ACTIVITY
Return each line of the entries that holds the string "unital".

(Stored items)
=== Section Start ===
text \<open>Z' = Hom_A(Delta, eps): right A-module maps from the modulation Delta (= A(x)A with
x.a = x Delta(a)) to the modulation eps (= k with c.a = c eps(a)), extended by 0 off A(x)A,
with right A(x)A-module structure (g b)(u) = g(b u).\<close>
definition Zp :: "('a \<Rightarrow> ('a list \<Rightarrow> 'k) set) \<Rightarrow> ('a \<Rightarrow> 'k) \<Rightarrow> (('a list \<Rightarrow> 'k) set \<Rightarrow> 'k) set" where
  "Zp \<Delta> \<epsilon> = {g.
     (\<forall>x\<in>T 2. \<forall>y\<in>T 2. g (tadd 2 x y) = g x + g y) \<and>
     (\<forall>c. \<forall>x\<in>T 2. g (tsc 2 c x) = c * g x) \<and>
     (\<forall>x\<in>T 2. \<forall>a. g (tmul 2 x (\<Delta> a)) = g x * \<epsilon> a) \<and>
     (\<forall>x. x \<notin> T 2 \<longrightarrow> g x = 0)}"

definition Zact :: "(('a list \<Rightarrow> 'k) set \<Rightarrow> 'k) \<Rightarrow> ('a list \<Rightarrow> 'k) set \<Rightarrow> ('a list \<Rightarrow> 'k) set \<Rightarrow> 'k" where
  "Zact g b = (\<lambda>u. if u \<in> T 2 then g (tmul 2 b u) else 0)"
=== Section End ===
=== Section Start ===
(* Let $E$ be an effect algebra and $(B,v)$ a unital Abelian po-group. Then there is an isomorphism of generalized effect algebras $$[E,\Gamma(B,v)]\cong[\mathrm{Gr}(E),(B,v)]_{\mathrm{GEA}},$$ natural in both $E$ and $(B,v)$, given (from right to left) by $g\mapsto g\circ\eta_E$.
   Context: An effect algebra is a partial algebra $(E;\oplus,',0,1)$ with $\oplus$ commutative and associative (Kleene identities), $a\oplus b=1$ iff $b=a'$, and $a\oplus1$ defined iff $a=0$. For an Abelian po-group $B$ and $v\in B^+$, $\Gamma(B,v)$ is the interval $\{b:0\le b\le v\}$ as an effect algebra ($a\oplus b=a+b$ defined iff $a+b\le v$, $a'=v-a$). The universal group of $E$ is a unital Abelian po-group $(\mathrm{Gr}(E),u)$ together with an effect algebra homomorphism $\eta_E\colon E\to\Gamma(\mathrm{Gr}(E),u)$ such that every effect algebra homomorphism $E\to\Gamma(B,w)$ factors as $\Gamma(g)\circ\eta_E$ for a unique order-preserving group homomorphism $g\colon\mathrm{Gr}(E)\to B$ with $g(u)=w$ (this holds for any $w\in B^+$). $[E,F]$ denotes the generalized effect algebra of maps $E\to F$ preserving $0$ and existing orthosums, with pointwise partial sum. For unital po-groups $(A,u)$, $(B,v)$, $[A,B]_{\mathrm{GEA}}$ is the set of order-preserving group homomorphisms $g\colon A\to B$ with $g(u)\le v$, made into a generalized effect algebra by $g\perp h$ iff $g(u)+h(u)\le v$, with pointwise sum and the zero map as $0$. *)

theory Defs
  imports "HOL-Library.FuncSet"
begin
=== Section End ===
=== Section Start ===
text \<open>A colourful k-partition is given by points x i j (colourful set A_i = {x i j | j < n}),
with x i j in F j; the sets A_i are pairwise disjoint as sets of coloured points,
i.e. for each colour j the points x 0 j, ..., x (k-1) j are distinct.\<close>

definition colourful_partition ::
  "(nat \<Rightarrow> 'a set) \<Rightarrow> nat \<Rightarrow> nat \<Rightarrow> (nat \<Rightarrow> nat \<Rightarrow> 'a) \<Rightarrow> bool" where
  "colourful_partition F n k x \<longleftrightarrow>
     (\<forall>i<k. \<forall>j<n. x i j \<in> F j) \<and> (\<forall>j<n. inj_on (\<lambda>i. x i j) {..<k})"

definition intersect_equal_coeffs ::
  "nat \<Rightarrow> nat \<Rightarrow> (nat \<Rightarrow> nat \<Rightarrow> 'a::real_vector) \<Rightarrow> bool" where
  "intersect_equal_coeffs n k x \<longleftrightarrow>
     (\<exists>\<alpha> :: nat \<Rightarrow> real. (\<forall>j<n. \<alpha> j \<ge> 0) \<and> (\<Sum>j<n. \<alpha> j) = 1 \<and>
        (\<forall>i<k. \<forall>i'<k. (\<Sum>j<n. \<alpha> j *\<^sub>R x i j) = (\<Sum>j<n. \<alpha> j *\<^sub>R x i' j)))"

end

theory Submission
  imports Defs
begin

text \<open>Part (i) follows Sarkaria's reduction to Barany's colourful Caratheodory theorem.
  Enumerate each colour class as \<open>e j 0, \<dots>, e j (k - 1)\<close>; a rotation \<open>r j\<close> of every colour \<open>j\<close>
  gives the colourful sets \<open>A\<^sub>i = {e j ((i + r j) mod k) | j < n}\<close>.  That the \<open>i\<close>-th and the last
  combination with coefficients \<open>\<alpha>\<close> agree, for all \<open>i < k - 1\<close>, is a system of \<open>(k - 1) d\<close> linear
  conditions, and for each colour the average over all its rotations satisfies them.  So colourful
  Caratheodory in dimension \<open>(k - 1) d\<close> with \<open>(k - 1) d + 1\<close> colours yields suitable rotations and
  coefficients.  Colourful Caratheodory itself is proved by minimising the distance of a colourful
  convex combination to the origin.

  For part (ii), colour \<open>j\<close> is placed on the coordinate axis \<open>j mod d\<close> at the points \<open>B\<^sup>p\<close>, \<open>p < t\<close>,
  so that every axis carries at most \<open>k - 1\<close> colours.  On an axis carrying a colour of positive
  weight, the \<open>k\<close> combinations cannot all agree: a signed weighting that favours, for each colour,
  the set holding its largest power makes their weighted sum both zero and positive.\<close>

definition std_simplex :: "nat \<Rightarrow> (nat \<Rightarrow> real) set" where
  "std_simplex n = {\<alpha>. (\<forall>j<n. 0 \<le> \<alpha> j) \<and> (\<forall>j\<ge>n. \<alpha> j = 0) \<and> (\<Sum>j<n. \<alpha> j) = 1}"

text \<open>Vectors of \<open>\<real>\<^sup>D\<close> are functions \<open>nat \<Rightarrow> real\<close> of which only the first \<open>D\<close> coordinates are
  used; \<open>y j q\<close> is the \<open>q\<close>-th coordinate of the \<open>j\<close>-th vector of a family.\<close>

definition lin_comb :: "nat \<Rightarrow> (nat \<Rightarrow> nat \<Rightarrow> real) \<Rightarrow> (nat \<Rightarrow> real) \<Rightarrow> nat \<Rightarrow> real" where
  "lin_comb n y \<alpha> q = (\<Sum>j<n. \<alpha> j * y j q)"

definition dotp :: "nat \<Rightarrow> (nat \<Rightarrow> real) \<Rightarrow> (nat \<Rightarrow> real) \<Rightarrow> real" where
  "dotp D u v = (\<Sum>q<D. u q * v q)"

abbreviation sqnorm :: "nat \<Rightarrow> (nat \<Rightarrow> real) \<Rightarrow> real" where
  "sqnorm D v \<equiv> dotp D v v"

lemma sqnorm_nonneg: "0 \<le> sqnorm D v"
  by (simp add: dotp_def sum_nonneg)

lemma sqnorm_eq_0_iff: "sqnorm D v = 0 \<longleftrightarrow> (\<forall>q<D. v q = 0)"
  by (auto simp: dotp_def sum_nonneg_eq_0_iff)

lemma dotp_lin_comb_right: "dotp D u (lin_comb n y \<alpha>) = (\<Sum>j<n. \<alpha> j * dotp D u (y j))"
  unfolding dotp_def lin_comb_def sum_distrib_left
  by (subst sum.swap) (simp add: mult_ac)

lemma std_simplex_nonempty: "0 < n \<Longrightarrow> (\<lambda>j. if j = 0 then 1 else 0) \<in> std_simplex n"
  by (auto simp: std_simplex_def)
=== Section End ===
YOUR SOLUTION
(* Let $E$ be an effect algebra and $(B,v)$ a unital Abelian po-group. Then there is an isomorphism of generalized effect algebras $$[E,\Gamma(B,v)]\cong[\mathrm{Gr}(E),(B,v)]_{\mathrm{GEA}},$$ natural in both $E$ and $(B,v)$, given (from right to left) by $g\mapsto g\circ\eta_E$.
   Context: An effect algebra is a partial algebra $(E;\oplus,',0,1)$ with $\oplus$ commutative and associative (Kleene identities), $a\oplus b=1$ iff $b=a'$, and $a\oplus1$ defined iff $a=0$. For an Abelian po-group $B$ and $v\in B^+$, $\Gamma(B,v)$ is the interval $\{b:0\le b\le v\}$ as an effect algebra ($a\oplus b=a+b$ defined iff $a+b\le v$, $a'=v-a$). The universal group of $E$ is a unital Abelian po-group $(\mathrm{Gr}(E),u)$ together with an effect algebra homomorphism $\eta_E\colon E\to\Gamma(\mathrm{Gr}(E),u)$ such that every effect algebra homomorphism $E\to\Gamma(B,w)$ factors as $\Gamma(g)\circ\eta_E$ for a unique order-preserving group homomorphism $g\colon\mathrm{Gr}(E)\to B$ with $g(u)=w$ (this holds for any $w\in B^+$). $[E,F]$ denotes the generalized effect algebra of maps $E\to F$ preserving $0$ and existing orthosums, with pointwise partial sum. For unital po-groups $(A,u)$, $(B,v)$, $[A,B]_{\mathrm{GEA}}$ is the set of order-preserving group homomorphisms $g\colon A\to B$ with $g(u)\le v$, made into a generalized effect algebra by $g\perp h$ iff $g(u)+h(u)\le v$, with pointwise sum and the zero map as $0$. *)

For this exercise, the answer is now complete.